### WORK ORDER
Word for word, transcribe the data below from the line with "imports Defs" to the line with "image stays in", keeping both of those lines.

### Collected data
◆ ◆ ◆ ◆

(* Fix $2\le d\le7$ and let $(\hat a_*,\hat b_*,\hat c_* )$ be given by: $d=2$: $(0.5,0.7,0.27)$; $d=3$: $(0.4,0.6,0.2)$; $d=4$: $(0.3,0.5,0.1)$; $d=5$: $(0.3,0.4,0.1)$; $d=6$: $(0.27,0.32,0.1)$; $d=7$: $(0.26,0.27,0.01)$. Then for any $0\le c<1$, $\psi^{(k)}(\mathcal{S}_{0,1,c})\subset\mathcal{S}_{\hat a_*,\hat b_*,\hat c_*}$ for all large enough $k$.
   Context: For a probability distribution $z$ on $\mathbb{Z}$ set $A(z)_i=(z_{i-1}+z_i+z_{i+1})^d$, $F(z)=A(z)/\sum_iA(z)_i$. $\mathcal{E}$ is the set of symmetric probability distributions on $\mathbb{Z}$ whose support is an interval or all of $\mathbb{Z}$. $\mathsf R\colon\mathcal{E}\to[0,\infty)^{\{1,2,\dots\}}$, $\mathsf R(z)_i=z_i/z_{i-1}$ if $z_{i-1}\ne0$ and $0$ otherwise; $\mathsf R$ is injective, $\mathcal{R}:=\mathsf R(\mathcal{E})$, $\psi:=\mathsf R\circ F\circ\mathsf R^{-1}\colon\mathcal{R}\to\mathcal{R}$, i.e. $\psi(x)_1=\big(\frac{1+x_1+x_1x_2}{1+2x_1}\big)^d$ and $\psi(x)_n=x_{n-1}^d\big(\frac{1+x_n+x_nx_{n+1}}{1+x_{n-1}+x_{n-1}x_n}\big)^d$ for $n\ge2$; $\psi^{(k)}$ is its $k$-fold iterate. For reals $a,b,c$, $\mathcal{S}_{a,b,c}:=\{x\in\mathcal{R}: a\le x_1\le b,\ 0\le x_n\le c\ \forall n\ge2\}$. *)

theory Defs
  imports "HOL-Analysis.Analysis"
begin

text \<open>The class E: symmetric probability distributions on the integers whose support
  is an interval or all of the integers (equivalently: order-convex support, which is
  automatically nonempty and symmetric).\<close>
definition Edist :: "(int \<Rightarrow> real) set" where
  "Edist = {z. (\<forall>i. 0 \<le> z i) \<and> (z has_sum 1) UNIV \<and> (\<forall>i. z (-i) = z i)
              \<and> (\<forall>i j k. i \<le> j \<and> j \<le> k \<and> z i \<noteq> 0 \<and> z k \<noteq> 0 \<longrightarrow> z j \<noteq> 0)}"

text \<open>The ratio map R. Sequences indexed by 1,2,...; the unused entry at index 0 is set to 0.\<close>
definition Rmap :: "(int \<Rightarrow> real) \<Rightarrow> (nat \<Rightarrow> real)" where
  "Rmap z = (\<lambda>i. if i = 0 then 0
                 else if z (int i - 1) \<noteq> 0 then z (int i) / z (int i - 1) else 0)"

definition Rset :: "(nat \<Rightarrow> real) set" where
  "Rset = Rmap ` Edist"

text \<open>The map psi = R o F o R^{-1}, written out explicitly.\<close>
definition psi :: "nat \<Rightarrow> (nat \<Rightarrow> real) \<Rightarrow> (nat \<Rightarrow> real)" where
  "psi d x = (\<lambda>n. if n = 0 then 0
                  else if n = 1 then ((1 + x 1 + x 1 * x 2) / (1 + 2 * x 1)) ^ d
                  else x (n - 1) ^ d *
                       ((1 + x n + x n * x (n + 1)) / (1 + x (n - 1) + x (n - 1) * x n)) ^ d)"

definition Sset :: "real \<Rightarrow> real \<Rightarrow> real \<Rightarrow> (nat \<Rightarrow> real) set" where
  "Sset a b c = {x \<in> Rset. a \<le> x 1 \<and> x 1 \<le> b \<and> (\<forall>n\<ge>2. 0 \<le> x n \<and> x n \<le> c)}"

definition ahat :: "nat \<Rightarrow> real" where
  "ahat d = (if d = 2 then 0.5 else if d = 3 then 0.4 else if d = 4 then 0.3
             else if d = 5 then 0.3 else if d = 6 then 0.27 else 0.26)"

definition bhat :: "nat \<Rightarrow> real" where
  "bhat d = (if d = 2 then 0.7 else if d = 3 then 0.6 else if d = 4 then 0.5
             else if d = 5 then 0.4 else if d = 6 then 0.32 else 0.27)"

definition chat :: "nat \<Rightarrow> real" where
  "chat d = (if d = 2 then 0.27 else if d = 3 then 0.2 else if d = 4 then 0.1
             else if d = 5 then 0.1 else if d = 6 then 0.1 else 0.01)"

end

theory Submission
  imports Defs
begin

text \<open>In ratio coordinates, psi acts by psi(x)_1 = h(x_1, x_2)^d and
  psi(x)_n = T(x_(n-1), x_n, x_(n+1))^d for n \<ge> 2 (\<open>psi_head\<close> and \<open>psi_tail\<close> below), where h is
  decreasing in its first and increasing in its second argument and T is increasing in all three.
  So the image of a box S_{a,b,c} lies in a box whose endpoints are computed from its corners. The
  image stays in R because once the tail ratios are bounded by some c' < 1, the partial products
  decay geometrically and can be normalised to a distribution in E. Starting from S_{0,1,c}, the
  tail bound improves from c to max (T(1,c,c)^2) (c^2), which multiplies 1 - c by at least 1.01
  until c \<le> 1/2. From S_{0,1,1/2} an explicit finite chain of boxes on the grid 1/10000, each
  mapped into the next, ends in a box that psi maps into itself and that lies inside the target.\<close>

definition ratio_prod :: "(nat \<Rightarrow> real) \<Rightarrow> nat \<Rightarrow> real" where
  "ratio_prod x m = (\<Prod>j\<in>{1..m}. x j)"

◆ ◆ ◆ ◆

### OUTPUT BELOW
  imports Defs
begin

text \<open>In ratio coordinates, psi acts by psi(x)_1 = h(x_1, x_2)^d and
  psi(x)_n = T(x_(n-1), x_n, x_(n+1))^d for n \<ge> 2 (\<open>psi_head\<close> and \<open>psi_tail\<close> below), where h is
  decreasing in its first and increasing in its second argument and T is increasing in all three.
  So the image of a box S_{a,b,c} lies in a box whose endpoints are computed from its corners. The
  image stays in R because once the tail ratios are bounded by some c' < 1, the partial products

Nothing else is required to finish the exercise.